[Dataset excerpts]

== Segment start ==

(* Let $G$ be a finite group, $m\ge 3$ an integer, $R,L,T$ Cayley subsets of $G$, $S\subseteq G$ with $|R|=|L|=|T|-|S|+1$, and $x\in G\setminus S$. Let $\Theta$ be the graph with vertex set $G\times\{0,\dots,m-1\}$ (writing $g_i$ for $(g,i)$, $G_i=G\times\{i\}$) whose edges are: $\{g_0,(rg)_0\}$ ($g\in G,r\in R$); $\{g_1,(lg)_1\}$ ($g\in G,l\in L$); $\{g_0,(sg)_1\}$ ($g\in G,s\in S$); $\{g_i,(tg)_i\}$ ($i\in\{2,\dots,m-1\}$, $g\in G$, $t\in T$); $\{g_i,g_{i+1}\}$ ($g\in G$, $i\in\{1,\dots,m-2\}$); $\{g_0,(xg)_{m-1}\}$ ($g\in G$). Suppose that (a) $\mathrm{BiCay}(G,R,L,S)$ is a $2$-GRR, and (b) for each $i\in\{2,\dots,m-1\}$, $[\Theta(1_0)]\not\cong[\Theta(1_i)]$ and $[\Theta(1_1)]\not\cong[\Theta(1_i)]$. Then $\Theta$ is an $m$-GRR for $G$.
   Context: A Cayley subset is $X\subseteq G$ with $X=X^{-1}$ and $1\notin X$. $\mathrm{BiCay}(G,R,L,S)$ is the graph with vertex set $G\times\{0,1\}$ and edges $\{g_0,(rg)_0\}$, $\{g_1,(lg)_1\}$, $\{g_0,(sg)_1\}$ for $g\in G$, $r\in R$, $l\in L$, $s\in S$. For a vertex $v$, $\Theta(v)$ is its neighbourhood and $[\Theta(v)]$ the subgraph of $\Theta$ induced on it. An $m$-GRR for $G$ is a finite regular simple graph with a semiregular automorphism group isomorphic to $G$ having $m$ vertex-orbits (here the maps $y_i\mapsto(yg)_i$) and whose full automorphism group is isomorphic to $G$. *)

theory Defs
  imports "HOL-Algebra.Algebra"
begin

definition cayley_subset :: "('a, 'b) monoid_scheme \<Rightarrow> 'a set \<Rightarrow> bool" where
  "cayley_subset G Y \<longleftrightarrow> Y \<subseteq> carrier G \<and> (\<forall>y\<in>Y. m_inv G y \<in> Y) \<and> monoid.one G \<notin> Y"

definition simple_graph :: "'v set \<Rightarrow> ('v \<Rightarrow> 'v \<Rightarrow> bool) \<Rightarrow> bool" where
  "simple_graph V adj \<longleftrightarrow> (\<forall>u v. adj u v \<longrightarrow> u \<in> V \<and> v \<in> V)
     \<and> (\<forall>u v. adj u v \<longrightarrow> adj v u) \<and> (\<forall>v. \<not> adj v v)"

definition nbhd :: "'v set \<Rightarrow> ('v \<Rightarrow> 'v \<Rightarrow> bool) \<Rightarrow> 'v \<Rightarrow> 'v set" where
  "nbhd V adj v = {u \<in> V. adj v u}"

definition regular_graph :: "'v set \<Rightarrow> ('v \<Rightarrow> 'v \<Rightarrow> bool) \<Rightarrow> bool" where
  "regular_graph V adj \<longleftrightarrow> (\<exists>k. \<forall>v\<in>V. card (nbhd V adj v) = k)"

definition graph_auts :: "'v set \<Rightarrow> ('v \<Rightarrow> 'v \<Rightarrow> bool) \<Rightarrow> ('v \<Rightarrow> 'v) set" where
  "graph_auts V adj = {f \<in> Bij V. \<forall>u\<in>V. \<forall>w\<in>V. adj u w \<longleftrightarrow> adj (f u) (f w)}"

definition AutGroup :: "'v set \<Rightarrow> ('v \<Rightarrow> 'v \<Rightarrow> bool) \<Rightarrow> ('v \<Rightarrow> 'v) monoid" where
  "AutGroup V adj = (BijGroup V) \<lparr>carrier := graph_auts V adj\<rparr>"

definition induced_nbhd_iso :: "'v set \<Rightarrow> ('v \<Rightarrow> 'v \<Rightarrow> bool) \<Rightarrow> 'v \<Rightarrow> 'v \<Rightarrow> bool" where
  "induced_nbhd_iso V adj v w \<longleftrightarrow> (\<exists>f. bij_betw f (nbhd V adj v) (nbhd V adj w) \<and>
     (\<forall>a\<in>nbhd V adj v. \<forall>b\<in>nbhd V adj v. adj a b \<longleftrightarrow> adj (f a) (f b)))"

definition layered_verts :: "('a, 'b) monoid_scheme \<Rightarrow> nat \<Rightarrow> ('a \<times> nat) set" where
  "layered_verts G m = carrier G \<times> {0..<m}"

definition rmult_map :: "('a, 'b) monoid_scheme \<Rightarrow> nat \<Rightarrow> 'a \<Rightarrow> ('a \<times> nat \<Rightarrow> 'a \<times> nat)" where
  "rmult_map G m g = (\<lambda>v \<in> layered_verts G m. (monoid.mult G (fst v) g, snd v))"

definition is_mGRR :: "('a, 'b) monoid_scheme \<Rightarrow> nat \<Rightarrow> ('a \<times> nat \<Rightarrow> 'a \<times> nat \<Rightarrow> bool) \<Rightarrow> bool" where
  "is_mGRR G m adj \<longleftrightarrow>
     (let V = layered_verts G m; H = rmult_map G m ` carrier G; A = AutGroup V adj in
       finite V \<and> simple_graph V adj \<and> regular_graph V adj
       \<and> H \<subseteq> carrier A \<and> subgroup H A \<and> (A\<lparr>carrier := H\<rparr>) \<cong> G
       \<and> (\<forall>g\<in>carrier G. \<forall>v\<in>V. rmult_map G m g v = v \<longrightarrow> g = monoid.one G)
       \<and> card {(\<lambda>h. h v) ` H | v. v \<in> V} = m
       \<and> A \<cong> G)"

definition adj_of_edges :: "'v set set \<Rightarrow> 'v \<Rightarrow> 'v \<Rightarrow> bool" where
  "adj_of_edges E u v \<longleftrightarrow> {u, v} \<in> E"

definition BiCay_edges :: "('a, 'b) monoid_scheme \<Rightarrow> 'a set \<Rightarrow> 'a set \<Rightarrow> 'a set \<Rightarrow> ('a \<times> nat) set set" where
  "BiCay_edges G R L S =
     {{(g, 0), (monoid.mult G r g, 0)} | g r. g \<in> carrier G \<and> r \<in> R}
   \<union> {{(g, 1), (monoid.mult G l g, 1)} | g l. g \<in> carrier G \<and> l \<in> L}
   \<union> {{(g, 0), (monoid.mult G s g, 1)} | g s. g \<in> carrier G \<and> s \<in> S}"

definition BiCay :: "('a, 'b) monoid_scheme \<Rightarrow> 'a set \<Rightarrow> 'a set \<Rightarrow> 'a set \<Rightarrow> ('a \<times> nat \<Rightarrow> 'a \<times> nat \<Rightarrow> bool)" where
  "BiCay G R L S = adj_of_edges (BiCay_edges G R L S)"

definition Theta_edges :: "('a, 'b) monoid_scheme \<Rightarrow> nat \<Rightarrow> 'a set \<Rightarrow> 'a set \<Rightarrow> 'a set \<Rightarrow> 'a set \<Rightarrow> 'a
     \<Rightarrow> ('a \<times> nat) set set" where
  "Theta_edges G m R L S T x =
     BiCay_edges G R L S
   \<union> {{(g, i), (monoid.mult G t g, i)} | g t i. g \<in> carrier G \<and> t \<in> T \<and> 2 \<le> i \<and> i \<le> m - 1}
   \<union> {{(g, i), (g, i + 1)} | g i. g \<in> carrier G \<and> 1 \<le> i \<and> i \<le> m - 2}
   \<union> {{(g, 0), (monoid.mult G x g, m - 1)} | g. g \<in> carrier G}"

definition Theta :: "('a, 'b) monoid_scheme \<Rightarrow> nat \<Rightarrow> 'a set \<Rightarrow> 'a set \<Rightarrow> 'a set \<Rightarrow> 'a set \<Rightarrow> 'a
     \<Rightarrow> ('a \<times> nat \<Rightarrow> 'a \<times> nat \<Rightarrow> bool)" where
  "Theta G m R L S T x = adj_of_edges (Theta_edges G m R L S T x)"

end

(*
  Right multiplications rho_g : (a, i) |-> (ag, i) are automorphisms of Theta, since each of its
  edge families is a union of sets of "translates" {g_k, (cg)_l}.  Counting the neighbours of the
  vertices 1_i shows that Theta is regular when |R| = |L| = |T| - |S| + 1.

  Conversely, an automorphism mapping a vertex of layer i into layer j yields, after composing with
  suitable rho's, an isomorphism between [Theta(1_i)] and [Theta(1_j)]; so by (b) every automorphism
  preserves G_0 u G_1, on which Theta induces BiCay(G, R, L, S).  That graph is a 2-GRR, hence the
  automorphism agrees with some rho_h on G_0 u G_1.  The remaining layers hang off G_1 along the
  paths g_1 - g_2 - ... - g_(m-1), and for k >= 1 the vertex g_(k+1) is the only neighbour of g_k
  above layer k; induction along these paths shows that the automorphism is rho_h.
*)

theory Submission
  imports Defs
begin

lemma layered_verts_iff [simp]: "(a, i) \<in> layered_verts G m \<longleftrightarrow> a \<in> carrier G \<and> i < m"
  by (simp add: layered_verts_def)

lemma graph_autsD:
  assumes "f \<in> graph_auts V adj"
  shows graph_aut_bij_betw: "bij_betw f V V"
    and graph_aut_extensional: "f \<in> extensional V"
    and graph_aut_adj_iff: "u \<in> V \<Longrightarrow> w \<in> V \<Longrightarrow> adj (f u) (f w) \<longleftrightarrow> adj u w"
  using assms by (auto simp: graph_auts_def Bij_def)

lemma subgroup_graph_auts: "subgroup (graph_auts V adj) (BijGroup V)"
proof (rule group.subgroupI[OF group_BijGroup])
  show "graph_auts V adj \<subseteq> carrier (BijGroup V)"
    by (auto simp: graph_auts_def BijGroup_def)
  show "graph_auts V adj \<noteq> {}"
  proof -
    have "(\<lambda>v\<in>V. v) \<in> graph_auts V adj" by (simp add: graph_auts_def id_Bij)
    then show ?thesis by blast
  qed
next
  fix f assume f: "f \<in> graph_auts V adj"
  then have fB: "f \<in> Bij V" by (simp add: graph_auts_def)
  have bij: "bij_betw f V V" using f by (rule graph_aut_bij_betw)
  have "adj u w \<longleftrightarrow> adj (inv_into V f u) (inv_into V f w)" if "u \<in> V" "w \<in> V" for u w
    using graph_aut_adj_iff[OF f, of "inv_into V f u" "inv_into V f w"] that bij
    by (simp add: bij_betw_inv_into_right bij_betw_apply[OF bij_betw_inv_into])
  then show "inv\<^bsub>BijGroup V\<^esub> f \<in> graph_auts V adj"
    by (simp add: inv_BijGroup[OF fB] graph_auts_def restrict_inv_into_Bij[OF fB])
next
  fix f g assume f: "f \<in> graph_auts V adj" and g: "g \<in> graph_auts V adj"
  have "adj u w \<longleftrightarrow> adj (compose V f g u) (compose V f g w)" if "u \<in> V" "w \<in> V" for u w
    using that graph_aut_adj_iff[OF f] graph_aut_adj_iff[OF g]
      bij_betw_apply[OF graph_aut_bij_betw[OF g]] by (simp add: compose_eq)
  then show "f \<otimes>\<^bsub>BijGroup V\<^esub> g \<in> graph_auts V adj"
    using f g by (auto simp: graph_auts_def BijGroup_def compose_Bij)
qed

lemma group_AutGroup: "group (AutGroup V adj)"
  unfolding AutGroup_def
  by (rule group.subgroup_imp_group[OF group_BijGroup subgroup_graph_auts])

== Segment end ==

TASK STATEMENT ▸ Of all the entries above, output exactly the lines between the one holding "suitable rho's, an" and the one holding "proof (rule group.subgroupI[OF", inclusive.

RESPONSE TO THIS TASK ▸
  suitable rho's, an isomorphism between [Theta(1_i)] and [Theta(1_j)]; so by (b) every automorphism
  preserves G_0 u G_1, on which Theta induces BiCay(G, R, L, S).  That graph is a 2-GRR, hence the
  automorphism agrees with some rho_h on G_0 u G_1.  The remaining layers hang off G_1 along the
  paths g_1 - g_2 - ... - g_(m-1), and for k >= 1 the vertex g_(k+1) is the only neighbour of g_k
  above layer k; induction along these paths shows that the automorphism is rho_h.
*)

theory Submission
  imports Defs
begin

lemma layered_verts_iff [simp]: "(a, i) \<in> layered_verts G m \<longleftrightarrow> a \<in> carrier G \<and> i < m"
  by (simp add: layered_verts_def)

lemma graph_autsD:
  assumes "f \<in> graph_auts V adj"
  shows graph_aut_bij_betw: "bij_betw f V V"
    and graph_aut_extensional: "f \<in> extensional V"
    and graph_aut_adj_iff: "u \<in> V \<Longrightarrow> w \<in> V \<Longrightarrow> adj (f u) (f w) \<longleftrightarrow> adj u w"
  using assms by (auto simp: graph_auts_def Bij_def)

lemma subgroup_graph_auts: "subgroup (graph_auts V adj) (BijGroup V)"
proof (rule group.subgroupI[OF group_BijGroup])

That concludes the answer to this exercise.